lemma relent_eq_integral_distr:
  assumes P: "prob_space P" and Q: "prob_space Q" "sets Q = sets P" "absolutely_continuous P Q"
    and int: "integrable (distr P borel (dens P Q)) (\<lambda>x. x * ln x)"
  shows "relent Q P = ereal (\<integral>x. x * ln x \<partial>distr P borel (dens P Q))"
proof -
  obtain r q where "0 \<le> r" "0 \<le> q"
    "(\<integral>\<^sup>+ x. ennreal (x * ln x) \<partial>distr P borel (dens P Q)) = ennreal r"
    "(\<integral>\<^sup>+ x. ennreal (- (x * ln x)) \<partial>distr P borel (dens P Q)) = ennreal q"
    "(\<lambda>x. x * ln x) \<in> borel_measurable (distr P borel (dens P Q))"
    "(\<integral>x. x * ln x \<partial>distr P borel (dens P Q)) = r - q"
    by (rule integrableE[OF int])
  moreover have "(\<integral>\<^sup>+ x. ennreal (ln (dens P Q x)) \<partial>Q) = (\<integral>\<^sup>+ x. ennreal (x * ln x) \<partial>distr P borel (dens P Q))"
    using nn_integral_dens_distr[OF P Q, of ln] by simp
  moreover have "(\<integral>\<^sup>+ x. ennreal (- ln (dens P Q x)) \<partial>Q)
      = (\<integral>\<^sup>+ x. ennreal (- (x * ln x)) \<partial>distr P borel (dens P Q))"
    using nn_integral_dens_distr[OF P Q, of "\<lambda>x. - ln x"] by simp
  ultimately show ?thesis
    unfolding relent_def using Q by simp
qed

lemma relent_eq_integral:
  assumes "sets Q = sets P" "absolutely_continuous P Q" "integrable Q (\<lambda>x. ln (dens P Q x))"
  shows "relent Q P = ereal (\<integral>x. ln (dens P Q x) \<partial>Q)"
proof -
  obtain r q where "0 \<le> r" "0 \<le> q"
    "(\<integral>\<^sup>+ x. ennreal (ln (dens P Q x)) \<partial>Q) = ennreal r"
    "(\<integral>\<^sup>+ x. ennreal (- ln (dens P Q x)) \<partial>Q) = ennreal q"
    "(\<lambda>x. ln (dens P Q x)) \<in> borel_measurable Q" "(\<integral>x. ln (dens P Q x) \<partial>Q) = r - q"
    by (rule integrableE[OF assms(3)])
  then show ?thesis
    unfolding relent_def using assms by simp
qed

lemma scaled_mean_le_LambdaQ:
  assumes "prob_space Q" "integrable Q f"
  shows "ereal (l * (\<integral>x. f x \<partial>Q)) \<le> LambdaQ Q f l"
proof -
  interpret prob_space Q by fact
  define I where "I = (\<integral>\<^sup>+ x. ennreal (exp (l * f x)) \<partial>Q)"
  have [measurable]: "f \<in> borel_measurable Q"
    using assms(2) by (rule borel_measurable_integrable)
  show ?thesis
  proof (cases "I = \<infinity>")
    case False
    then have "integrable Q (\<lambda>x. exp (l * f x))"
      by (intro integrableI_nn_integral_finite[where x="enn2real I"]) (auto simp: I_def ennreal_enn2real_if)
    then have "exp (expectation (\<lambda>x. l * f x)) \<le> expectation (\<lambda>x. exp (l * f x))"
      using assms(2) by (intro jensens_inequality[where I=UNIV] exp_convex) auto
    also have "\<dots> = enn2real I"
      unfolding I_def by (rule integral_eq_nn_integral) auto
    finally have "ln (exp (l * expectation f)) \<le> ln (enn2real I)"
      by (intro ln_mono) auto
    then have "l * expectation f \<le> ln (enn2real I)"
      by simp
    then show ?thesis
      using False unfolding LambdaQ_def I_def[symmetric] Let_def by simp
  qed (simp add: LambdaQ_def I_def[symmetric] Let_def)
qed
----
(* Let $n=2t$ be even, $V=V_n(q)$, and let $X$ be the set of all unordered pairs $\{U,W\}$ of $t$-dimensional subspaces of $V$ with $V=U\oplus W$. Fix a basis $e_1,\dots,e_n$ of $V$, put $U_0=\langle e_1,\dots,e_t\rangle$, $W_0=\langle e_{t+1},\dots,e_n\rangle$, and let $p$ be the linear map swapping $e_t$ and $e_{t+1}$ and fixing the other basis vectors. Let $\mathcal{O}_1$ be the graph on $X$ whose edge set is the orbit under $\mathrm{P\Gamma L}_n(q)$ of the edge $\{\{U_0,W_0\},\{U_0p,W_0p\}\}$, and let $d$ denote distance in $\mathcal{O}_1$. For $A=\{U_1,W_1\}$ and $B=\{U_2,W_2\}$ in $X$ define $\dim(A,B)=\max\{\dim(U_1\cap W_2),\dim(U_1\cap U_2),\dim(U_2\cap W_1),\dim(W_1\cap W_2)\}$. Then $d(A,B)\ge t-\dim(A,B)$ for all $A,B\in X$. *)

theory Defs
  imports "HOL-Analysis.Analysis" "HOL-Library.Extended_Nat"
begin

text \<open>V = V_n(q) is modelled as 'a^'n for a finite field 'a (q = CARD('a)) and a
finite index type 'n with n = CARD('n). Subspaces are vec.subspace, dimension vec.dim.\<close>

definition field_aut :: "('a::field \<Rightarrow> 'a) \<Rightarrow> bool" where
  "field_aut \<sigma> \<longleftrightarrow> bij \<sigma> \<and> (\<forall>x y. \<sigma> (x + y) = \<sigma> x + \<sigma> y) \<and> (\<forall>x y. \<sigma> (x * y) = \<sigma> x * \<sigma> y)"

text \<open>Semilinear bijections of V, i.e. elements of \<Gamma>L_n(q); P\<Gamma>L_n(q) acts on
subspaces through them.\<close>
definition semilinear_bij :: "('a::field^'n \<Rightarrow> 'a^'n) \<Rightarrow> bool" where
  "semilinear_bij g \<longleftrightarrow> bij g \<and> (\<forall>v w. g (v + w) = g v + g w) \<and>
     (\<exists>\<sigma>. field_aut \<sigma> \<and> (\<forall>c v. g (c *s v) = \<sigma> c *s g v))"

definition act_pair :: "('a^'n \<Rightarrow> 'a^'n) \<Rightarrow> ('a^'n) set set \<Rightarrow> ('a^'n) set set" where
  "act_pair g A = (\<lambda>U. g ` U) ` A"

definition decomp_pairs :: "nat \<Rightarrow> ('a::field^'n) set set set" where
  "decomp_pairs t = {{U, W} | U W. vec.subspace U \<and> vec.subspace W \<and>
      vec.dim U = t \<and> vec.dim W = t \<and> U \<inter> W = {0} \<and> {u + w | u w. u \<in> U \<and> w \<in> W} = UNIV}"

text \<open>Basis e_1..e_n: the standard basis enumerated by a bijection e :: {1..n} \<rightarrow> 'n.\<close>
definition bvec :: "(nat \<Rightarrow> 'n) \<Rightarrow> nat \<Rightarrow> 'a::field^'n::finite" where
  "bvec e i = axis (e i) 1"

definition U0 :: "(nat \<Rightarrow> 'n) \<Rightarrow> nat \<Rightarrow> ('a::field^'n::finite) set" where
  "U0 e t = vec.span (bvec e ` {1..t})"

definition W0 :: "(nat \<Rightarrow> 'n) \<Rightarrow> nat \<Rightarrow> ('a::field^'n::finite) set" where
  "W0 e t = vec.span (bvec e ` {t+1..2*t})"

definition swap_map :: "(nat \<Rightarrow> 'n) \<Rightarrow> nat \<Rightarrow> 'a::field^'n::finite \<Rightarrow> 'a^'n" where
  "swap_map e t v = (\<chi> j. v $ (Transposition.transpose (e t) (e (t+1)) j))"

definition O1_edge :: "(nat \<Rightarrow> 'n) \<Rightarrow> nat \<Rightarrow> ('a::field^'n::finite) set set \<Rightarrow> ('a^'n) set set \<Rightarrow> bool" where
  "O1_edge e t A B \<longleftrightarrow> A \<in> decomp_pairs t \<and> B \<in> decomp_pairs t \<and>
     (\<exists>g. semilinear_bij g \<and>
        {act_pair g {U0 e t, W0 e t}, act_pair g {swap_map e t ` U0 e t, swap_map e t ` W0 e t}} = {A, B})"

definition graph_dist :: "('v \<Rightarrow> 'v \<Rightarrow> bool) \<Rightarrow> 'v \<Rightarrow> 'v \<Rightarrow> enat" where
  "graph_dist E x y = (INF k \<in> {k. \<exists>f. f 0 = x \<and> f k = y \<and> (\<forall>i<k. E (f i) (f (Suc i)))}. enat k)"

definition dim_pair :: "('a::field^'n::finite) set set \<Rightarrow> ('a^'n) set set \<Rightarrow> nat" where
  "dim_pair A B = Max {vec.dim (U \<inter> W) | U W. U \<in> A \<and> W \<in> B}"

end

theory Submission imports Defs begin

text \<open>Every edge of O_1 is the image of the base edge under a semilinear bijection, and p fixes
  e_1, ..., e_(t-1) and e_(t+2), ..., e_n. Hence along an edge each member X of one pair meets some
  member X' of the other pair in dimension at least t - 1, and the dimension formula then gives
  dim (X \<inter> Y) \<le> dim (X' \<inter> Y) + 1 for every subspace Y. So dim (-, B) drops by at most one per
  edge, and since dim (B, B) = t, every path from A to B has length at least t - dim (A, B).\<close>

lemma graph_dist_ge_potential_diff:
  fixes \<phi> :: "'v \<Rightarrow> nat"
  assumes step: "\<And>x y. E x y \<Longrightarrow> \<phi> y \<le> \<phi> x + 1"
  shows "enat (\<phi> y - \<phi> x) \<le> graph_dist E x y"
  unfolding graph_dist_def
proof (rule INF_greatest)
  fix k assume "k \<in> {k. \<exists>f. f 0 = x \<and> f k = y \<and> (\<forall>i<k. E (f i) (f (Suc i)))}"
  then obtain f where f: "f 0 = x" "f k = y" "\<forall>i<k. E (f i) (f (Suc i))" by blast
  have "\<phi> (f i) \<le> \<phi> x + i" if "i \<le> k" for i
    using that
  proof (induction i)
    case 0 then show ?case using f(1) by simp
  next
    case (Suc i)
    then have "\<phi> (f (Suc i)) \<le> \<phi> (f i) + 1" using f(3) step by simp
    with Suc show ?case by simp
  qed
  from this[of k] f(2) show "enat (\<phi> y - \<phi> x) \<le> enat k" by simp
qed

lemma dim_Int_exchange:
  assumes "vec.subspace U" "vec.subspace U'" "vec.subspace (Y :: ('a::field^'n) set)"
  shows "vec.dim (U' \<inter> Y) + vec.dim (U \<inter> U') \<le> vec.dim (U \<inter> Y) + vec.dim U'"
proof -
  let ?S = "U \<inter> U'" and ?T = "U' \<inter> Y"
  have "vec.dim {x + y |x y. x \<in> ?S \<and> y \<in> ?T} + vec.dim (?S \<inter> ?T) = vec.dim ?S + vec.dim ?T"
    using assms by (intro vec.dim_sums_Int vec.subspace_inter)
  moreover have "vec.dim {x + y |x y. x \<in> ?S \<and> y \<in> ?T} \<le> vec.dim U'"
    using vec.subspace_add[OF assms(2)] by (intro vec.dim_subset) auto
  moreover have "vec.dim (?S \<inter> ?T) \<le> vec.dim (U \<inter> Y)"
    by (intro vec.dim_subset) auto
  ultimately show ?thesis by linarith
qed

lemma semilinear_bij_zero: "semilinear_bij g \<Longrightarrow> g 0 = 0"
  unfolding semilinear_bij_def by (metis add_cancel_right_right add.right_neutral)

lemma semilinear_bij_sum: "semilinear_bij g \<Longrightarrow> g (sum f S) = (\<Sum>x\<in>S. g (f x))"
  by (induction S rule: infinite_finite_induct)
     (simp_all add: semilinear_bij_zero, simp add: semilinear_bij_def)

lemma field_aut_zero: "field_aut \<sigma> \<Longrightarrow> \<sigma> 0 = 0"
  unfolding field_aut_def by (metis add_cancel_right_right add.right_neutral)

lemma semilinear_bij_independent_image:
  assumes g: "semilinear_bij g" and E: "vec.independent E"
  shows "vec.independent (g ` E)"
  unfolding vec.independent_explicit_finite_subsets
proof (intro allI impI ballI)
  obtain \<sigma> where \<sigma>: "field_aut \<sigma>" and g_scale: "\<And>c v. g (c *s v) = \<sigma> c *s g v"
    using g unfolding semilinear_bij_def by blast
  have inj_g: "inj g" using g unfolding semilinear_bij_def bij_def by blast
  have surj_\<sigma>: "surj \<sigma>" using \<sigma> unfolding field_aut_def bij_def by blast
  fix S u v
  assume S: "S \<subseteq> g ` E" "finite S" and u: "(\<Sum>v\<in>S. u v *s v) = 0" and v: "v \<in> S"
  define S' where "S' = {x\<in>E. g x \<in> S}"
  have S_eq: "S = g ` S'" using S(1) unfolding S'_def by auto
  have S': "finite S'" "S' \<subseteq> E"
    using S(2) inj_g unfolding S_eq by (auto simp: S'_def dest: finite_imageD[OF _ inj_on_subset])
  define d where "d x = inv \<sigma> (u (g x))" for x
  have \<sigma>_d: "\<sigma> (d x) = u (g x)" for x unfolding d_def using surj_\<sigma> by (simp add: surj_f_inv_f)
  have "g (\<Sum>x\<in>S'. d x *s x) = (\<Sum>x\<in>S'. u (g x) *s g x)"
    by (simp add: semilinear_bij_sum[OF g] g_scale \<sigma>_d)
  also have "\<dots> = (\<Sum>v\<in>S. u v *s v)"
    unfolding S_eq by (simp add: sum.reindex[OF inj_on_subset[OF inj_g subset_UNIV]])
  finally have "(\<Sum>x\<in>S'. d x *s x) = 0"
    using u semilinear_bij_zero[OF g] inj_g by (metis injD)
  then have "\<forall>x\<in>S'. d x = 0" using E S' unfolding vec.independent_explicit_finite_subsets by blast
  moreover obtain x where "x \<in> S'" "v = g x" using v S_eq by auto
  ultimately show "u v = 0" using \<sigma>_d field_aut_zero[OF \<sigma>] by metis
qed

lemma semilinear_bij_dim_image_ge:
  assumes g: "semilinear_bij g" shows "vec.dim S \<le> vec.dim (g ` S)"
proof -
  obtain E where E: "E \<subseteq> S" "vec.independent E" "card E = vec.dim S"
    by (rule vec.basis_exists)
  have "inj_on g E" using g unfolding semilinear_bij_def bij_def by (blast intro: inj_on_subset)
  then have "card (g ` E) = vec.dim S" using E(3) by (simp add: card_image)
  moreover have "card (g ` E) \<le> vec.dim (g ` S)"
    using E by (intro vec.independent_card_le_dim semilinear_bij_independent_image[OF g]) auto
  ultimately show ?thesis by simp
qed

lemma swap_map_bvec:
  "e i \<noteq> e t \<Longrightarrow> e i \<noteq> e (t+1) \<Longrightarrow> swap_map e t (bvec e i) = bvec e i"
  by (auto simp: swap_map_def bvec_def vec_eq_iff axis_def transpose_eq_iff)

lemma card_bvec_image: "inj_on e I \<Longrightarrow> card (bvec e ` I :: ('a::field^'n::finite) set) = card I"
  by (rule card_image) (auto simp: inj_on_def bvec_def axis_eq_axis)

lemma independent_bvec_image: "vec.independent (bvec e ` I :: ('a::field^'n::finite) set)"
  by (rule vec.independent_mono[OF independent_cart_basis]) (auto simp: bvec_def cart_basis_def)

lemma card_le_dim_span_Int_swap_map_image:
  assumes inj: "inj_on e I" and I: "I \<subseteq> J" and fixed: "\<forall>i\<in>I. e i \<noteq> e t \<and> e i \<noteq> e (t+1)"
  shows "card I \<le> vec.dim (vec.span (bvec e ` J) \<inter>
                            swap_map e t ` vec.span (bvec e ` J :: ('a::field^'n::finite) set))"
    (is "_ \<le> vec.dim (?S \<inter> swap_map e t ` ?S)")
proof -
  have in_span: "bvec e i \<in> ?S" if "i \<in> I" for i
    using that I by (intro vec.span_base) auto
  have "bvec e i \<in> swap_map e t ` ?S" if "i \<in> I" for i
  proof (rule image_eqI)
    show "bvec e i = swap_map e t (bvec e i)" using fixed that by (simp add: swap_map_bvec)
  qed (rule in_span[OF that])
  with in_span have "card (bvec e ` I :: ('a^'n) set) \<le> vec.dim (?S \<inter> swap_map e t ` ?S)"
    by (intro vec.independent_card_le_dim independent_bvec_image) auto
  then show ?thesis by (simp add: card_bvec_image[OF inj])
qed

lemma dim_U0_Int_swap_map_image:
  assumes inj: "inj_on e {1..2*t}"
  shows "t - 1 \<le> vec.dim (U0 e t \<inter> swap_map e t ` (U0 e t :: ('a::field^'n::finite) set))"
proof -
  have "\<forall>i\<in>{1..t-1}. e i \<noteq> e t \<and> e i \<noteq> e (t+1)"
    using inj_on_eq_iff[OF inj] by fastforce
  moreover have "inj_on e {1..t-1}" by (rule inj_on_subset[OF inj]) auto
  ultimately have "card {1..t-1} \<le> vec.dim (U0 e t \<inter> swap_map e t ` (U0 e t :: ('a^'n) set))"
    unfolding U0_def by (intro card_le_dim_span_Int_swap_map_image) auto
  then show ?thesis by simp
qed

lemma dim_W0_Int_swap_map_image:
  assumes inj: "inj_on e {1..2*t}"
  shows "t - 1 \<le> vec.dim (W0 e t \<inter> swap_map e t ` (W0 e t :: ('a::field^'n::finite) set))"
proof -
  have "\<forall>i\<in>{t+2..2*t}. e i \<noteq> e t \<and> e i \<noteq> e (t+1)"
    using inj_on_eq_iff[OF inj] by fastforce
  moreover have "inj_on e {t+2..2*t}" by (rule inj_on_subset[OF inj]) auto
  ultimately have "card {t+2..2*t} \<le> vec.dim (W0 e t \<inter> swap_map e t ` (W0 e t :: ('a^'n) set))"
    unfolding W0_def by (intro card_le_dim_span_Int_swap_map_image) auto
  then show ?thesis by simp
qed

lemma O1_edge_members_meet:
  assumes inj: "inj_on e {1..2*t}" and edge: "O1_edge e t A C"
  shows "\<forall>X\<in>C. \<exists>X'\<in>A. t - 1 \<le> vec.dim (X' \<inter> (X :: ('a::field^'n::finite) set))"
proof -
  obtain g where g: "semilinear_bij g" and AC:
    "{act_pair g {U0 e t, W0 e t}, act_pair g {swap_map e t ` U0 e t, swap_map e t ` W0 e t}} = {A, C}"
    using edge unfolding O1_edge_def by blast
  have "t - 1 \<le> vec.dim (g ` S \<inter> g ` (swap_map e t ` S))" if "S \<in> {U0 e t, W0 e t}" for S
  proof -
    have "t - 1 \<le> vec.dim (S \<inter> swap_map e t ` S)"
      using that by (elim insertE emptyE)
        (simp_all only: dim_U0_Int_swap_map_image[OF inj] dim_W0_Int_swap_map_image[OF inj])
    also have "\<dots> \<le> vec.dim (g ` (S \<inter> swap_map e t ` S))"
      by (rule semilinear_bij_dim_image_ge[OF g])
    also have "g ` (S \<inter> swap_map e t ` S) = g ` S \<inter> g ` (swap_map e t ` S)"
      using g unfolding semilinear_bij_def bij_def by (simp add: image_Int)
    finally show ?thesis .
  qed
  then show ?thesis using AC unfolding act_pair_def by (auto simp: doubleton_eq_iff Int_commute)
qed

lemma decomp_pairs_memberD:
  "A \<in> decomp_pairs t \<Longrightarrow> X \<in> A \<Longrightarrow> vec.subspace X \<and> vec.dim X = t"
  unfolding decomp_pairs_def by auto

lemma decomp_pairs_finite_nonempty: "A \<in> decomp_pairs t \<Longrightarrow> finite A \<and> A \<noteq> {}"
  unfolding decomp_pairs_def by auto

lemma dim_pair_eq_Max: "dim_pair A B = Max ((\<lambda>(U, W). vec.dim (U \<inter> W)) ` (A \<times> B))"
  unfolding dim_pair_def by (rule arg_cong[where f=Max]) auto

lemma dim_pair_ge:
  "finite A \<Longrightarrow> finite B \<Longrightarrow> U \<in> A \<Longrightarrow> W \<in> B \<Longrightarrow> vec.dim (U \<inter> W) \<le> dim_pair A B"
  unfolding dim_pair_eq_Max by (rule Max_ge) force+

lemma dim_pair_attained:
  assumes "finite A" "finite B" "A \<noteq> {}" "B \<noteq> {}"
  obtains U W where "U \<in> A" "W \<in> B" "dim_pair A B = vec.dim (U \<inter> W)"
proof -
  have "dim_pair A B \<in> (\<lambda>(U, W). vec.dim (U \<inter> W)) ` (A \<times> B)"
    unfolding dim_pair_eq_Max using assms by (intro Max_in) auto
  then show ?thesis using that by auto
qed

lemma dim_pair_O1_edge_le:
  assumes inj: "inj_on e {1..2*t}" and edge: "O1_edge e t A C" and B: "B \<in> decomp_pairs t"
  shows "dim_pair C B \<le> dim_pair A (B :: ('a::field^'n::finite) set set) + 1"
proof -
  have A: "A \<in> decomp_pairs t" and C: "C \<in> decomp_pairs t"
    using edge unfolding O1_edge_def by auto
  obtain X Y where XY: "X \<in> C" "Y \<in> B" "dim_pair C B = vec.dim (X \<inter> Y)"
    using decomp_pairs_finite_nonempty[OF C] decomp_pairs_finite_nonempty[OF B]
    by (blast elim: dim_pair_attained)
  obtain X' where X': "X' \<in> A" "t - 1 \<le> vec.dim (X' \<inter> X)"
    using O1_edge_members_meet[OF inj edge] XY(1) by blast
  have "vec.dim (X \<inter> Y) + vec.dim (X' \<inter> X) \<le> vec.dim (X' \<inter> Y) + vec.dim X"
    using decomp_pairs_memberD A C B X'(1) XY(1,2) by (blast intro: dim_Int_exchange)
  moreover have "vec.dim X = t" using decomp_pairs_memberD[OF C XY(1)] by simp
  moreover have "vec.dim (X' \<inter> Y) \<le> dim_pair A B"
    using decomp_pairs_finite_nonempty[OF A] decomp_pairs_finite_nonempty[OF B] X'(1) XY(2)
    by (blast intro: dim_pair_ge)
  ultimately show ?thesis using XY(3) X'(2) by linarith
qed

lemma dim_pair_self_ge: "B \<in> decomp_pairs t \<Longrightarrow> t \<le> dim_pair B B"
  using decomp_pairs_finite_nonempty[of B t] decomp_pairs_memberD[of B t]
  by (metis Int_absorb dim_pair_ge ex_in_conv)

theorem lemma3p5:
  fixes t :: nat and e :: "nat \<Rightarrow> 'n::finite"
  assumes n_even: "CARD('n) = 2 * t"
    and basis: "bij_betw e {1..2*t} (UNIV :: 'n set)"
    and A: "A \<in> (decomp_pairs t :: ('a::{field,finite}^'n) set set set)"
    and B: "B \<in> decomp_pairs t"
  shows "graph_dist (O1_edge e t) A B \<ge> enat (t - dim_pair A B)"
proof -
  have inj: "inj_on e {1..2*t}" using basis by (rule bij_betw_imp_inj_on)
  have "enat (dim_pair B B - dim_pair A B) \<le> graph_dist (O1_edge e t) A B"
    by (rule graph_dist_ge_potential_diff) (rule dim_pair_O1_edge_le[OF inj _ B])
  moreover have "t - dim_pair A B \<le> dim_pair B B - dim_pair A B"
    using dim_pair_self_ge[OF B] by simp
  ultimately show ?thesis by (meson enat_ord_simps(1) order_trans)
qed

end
----
ASSIGNED TASK: Every line of the records above that contains the word "from" should be counted, and only the total given.

ANSWER TO THIS TASK: 2